Coronary artery calcification score

Cardiac CT was performed on a 320-slice CT Scanner (Aquilion ONETM, Toshiba, Japan) from the first hospitalization at the time of diagnosis of MPN. The images were submitted to the relevant staff and the calcification scores of the left main coronary artery (LMA), right coronary artery (RCA), left circumflex artery (LCX) and left anterior descending artery (LAD) were calculated. Areas with a density >130 Hounsfield units were automatically identified. The calculation of calcification was as follows: >400 Hu scored 4 points, 300–399 Hu scored 3 points, 200–299 Hu scored 2 points, and 130–199 Hu scored 1 point. The calcification integral was calculated by the following formula: Calcification Integral = calcification area × CT score.
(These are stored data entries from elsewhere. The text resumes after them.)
lemma M1_pure: "pure_submod R N (carrier M1)" and M2_pure: "pure_submod R N (carrier M2)"
  using pure_le_M1 pure_le_M2 by (simp_all add: pure_le_iff_submodule_of)

lemma M1_submod: "submod R N (carrier M1)" and M2_submod: "submod R N (carrier M2)"
  using M1_pure M2_pure by (simp_all add: pure_submod_def)

lemma M1_submodule_of: "submodule_of R M1 N" and M2_submodule_of: "submodule_of R M2 N"
  using pure_le_M1 pure_le_M2 by (simp_all add: pure_le_iff_submodule_of)

lemma M2_carrier: "carrier M2 \<subseteq> carrier N"
  using M2_submod by (simp add: submod_def)

definition amalgam_kinds :: "('a set \<times> ('a \<Rightarrow> 'a \<Rightarrow> bool)) set" where
  "amalgam_kinds = {(carrier N, (=)), (carrier N, \<lambda>u v. u \<ominus> v \<in> carrier M2), (carrier M2, (=))}"

sublocale witnessed_systems R N amalgam_kinds
  using M2_carrier by unfold_locales (auto simp: amalgam_kinds_def)

definition M1' :: "('r, 'a) module" where
  "M1' = N\<lparr>carrier := skolem_hull (carrier M1)\<rparr>"

definition M0 :: "('r, 'a) module" where
  "M0 = N\<lparr>carrier := skolem_hull (carrier M1) \<inter> carrier M2\<rparr>"

lemma skolem_hull_M1_submod: "submod R N (skolem_hull (carrier M1))"
  using M1_submod by (intro skolem_hull_submod) (simp_all add: submod_def)

lemma skolem_hull_M1_carrier: "skolem_hull (carrier M1) \<subseteq> carrier N"
  using M1_submod by (intro skolem_hull_carrier) (simp add: submod_def)

lemma submodule_of_M1': "submodule_of R M1' N"
  unfolding M1'_def by (rule submodule_of_restrict[OF skolem_hull_M1_submod])

lemma submodule_of_M0: "submodule_of R M0 N"
  unfolding M0_def by (rule submodule_of_restrict[OF submod_Int[OF skolem_hull_M1_submod M2_submod]])

lemma pure_le_M1'_N: "pure_le R M1' N"
proof -
  have "pure_submod R N (skolem_hull (carrier M1))"
  proof (rule pure_submodI[OF skolem_hull_M1_submod])
    fix m n r c x
    assume "\<forall>i<m. \<forall>j<n. r i j \<in> carrier R" "\<forall>i<m. c i \<in> skolem_hull (carrier M1)"
      and "solution (carrier N) (=) m n r c x"
    then show "\<exists>y. solution (skolem_hull (carrier M1)) (=) m n r c y"
      using skolem_hull_solution[of "carrier N" "(=)" _ _ _ _ "carrier M1"] skolem_hull_M1_carrier
      by (simp add: amalgam_kinds_def Int_absorb1)
  qed
  then show ?thesis using submodule_of_M1' by (simp add: pure_le_iff_submodule_of M1'_def)
qed

lemma pure_le_M1_M1': "pure_le R M1 M1'"
proof (rule pure_leI[OF _ submodule_of_M1'])
  show "submodule_of R M1 N" by (rule M1_submodule_of)
  show "carrier M1 \<subseteq> carrier M1'" by (simp add: M1'_def subset_skolem_hull)
  fix m n r c x
  assume r: "\<forall>i<m. \<forall>j<n. r i j \<in> carrier R" and c: "\<forall>i<m. c i \<in> carrier M1"
    and "solution (carrier M1') (=) m n r c x"
  then have "solution (carrier N) (=) m n r c x"
    using solution_mono[OF _ skolem_hull_M1_carrier] by (simp add: M1'_def)
  then show "\<exists>y. solution (carrier M1) (=) m n r c y" using pure_submodD[OF M1_pure r c] by blast
qed

lemma pure_le_M0_M2: "pure_le R M0 M2"
proof (rule pure_leI[OF submodule_of_M0])
  show "submodule_of R M2 N" by (rule M2_submodule_of)
  show "carrier M0 \<subseteq> carrier M2" by (simp add: M0_def)
  fix m n r c x
  assume "\<forall>i<m. \<forall>j<n. r i j \<in> carrier R" "\<forall>i<m. c i \<in> carrier M0"
    and "solution (carrier M2) (=) m n r c x"
  then show "\<exists>y. solution (carrier M0) (=) m n r c y"
    using skolem_hull_solution[of "carrier M2" "(=)" _ _ _ _ "carrier M1"]
    by (simp add: amalgam_kinds_def M0_def Int_commute)
qed

lemma pure_le_M0_M1': "pure_le R M0 M1'"
proof (rule pure_leI[OF submodule_of_M0 submodule_of_M1'])
  show "carrier M0 \<subseteq> carrier M1'" by (simp add: M0_def M1'_def)
  fix m n r c x
  assume r: "\<forall>i<m. \<forall>j<n. r i j \<in> carrier R" and c: "\<forall>i<m. c i \<in> carrier M0"
    and "solution (carrier M1') (=) m n r c x"
  then have "solution (carrier N) (=) m n r c x"
    using solution_mono[OF _ skolem_hull_M1_carrier] by (simp add: M1'_def)
  moreover have "\<forall>i<m. c i \<in> carrier M2" using c by (simp add: M0_def)
  ultimately obtain y where "solution (carrier M2) (=) m n r c y"
    using pure_submodD[OF M2_pure r] by blast
  then show "\<exists>y. solution (carrier M0) (=) m n r c y"
    using skolem_hull_solution[of "carrier M2" "(=)" _ _ _ _ "carrier M1"] r c
    by (simp add: amalgam_kinds_def M0_def Int_commute)
qed

lemma card_of_M0: "|carrier M0| \<le>o |carrier M1 <+> carrier R <+> (UNIV :: nat set)|"
proof -
  let ?B = "carrier M1 <+> carrier R <+> (UNIV :: nat set)"
  have RB: "|carrier R| \<le>o |?B|"
    using card_of_Plus1[of "carrier R" "UNIV :: nat set"] card_of_Plus2[of "carrier R <+> UNIV" "carrier M1"]
    by (rule ordLeq_transitive)
  have "|skolem_hull (carrier M1)| \<le>o |?B|"
    by (rule card_of_skolem_hull[OF _ RB card_of_Plus1]) simp
  moreover have "|carrier M0| \<le>o |skolem_hull (carrier M1)|" by (simp add: M0_def card_of_mono1)
  ultimately show ?thesis using ordLeq_transitive by blast
qed

lemma indep_M0_M1'_M2: "indep R M0 M1' M2 N"
proof -
  have "pure_submod R N (sum_set (skolem_hull (carrier M1)) (carrier M2))"
  proof (rule pure_submod_sum_set[OF skolem_hull_M1_submod M2_pure])
    fix m n r c x
    assume "\<forall>i<m. \<forall>j<n. r i j \<in> carrier R" "\<forall>i<m. c i \<in> skolem_hull (carrier M1)"
      and "solution (carrier N) (\<lambda>u v. u \<ominus> v \<in> carrier M2) m n r c x"
    then show "\<exists>y. solution (skolem_hull (carrier M1)) (\<lambda>u v. u \<ominus> v \<in> carrier M2) m n r c y"
      using skolem_hull_solution[of "carrier N" "\<lambda>u v. u \<ominus> v \<in> carrier M2" _ _ _ _ "carrier M1"] skolem_hull_M1_carrier
      by (simp add: amalgam_kinds_def Int_absorb1)
  qed
  then show ?thesis
    using indep_iff_pure_sum_set[OF submodule_of_M1' M2_submodule_of] by (simp add: M0_def M1'_def)
qed

end

theorem theorem4p9:
  fixes R :: "('r, 'm) ring_scheme" and K :: "('r, 'a) module \<Rightarrow> bool"
    and M1 M2 N :: "('r, 'a) module"
  assumes "ring R"
    and "AEC_pure R K"
    and dsum: "\<And>(I::'a set) M D. (\<forall>i\<in>I. K (M i)) \<Longrightarrow> is_direct_sum R I M D \<Longrightarrow> K D"
    and pure_sub: "\<And>M N. K N \<Longrightarrow> pure_le R M N \<Longrightarrow> K M"
    and pure_epi: "\<And>M (M'::('r, 'a) module) f. K M \<Longrightarrow> pure_epi R M M' f \<Longrightarrow> K M'"
    and "K M1" "K M2" "K N"
    and "pure_le R M1 N" "pure_le R M2 N"
  shows "\<exists>M1' M0. K M1' \<and> K M0 \<and> pure_le R M0 M1' \<and> pure_le R M1' N \<and>
           pure_le R M0 M2 \<and> pure_le R M1 M1' \<and>
           (card_of (carrier M0), card_of (carrier M1 <+> carrier R <+> (UNIV::nat set))) \<in> ordLeq \<and>
           indep R M0 M1' M2 N"
proof -
  interpret pure_pair R N M1 M2
    using \<open>pure_le R M1 N\<close> \<open>pure_le R M2 N\<close>
    by unfold_locales (simp_all add: pure_le_def)
  have "K M1'" by (rule pure_sub[OF \<open>K N\<close> pure_le_M1'_N])
  moreover have "K M0" by (rule pure_sub[OF \<open>K M2\<close> pure_le_M0_M2])
  ultimately show ?thesis
    using pure_le_M0_M1' pure_le_M1'_N pure_le_M0_M2 pure_le_M1_M1' card_of_M0 indep_M0_M1'_M2
    by (intro exI[of _ M1'] exI[of _ M0]) simp
qed

end
lemma measurable_first_symbol:
  fixes S :: "((int \<Rightarrow> nat) \<times> 'a::topological_space) set"
  assumes "\<And>z. z \<in> S \<Longrightarrow> fst z 0 \<in> I"
  shows "(\<lambda>z. fst z 0) \<in> restrict_space borel S \<rightarrow>\<^sub>M count_space I"
proof -
  have "continuous_on S (\<lambda>z. fst z 0)"
    by (intro continuous_on_compose2[OF continuous_on_coordinate continuous_on_fst[OF continuous_on_id]]) auto
  then have "(\<lambda>z. fst z 0) \<in> restrict_space borel S \<rightarrow>\<^sub>M count_space UNIV"
    using borel_measurable_continuous_on_restrict measurable_cong_sets[OF refl sets_borel_eq_count_space]
    by blast
  then have "(\<lambda>z. fst z 0) \<in> restrict_space borel S \<rightarrow>\<^sub>M restrict_space (count_space UNIV) I"
    using assms by (intro measurable_restrict_space2) (auto simp: space_restrict_space)
  then show ?thesis
    by (simp add: restrict_count_space)
qed

lemma measurable_restrict_borel_by_first_symbol:
  fixes h :: "nat \<Rightarrow> (int \<Rightarrow> nat) \<times> 'a::topological_space \<Rightarrow> 'b::topological_space"
  assumes "countable I" and "\<And>z. z \<in> S \<Longrightarrow> fst z 0 \<in> I"
    and "\<And>i. i \<in> I \<Longrightarrow> continuous_on S (h i)" and "\<And>i. i \<in> I \<Longrightarrow> h i ` S \<subseteq> T"
  shows "(\<lambda>z. h (fst z 0) z) \<in> restrict_space borel S \<rightarrow>\<^sub>M restrict_space borel T"
proof (rule measurable_compose_countable'[where I = I])
  show "(\<lambda>z. fst z 0) \<in> restrict_space borel S \<rightarrow>\<^sub>M count_space I"
    using assms(2) by (rule measurable_first_symbol)
next
  fix i assume "i \<in> I"
  then show "h i \<in> restrict_space borel S \<rightarrow>\<^sub>M restrict_space borel T"
    using assms by (intro measurable_restrict_borel_continuous) auto
qed (use assms(1) in simp)

lemma continuous_on_shift: "continuous_on S shift"
  unfolding shift_def by (intro continuous_on_coordinatewise_then_product continuous_on_coordinate)

lemma continuous_on_piA: "continuous_on S (piA N)"
  unfolding piA_def
  by (intro continuous_on_coordinatewise_then_product
        continuous_on_compose2[OF Topological_Spaces.continuous_on_discrete continuous_on_coordinate]) auto

lemma piA_shift: "piA N (shift \<omega>) = shift (piA N \<omega>)"
  by (simp add: piA_def shift_def)

lemma piA_in_SigmaN:
  assumes "\<omega> \<in> SigmaA N f"
  shows "piA N \<omega> \<in> SigmaN N"
proof -
  have "bar N (\<omega> n) \<in> {1..N}" for n
    using assms by (auto simp: SigmaA_def bar_def dest: spec[of _ n])
  then show ?thesis
    by (simp add: SigmaN_def piA_def)
qed

lemma C1_diffeo_onto_image_continuous_on: "C1_diffeo_onto_image h \<Longrightarrow> continuous_on Iv h"
  unfolding C1_diffeo_onto_image_def by (blast intro: DERIV_continuous_on)

lemma not_orient_pres_and_rev: "\<not> (orient_pres h \<and> orient_rev h)"
proof
  assume "orient_pres h \<and> orient_rev h"
  then have "h 0 < h 1" and "h 1 < h 0"
    by (auto simp: orient_pres_def orient_rev_def Iv_def)
  then show False by simp
qed

lemma Fmap_PiMap:
  assumes "z \<in> SigmaA N f \<times> Iv"
  shows "Fmap f (PiMap N z) = PiMap N (Gmap N f z)"
proof -
  obtain \<omega> x where z: "z = (\<omega>, x)" by (cases z)
  have "\<omega> 0 \<in> {1..2*N}" and "Amat N f (\<omega> 0) (\<omega> 1)"
    using assms unfolding z SigmaA_def by (auto dest: spec[of _ 0])
  then have "snd (Fmap f (PiMap N z)) = snd (PiMap N (Gmap N f z))"
    using not_orient_pres_and_rev[of "f (\<omega> 0)"] not_orient_pres_and_rev[of "f (\<omega> 0 - N)"]
    by (auto simp: z Fmap_def PiMap_def Gmap_def gmap_def piA_def shift_def
        Amat_def IP_def IR_def Rf_def bar_def)
  moreover have "fst (Fmap f (PiMap N z)) = fst (PiMap N (Gmap N f z))"
    by (simp add: z Fmap_def PiMap_def Gmap_def piA_shift)
  ultimately show ?thesis
    by (simp add: prod_eq_iff)
qed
CACS is obtained by adding all the calcification integrals together. Subsequently, patients with a CACS 0–100 score were incorporated into the low-risk group for cardiovascular events, those with a score of 100–300 were assigned to the intermediate-risk group, and those with a score >300 were assigned to the high-risk group (24).

Statistical analysis

Statistical analysis was performed using the SPSS software (version 23.0, IBM). Continuous variables are presented as mean ± SD if normally distributed or as median with interquartile range (IQR) otherwise. Categorical variables are presented as the number and percentage of patients. The t-test or Wilcoxon rank sum test was used for comparison. We used multivariate Cox regression analysis to analyze ACS-related factors. ROC curves were drawn to evaluate the accuracy of CACS combined with WBC and platelets in the prediction of ACS in MPN patients. Statistical significance was indicated by two-sided P < 0.05.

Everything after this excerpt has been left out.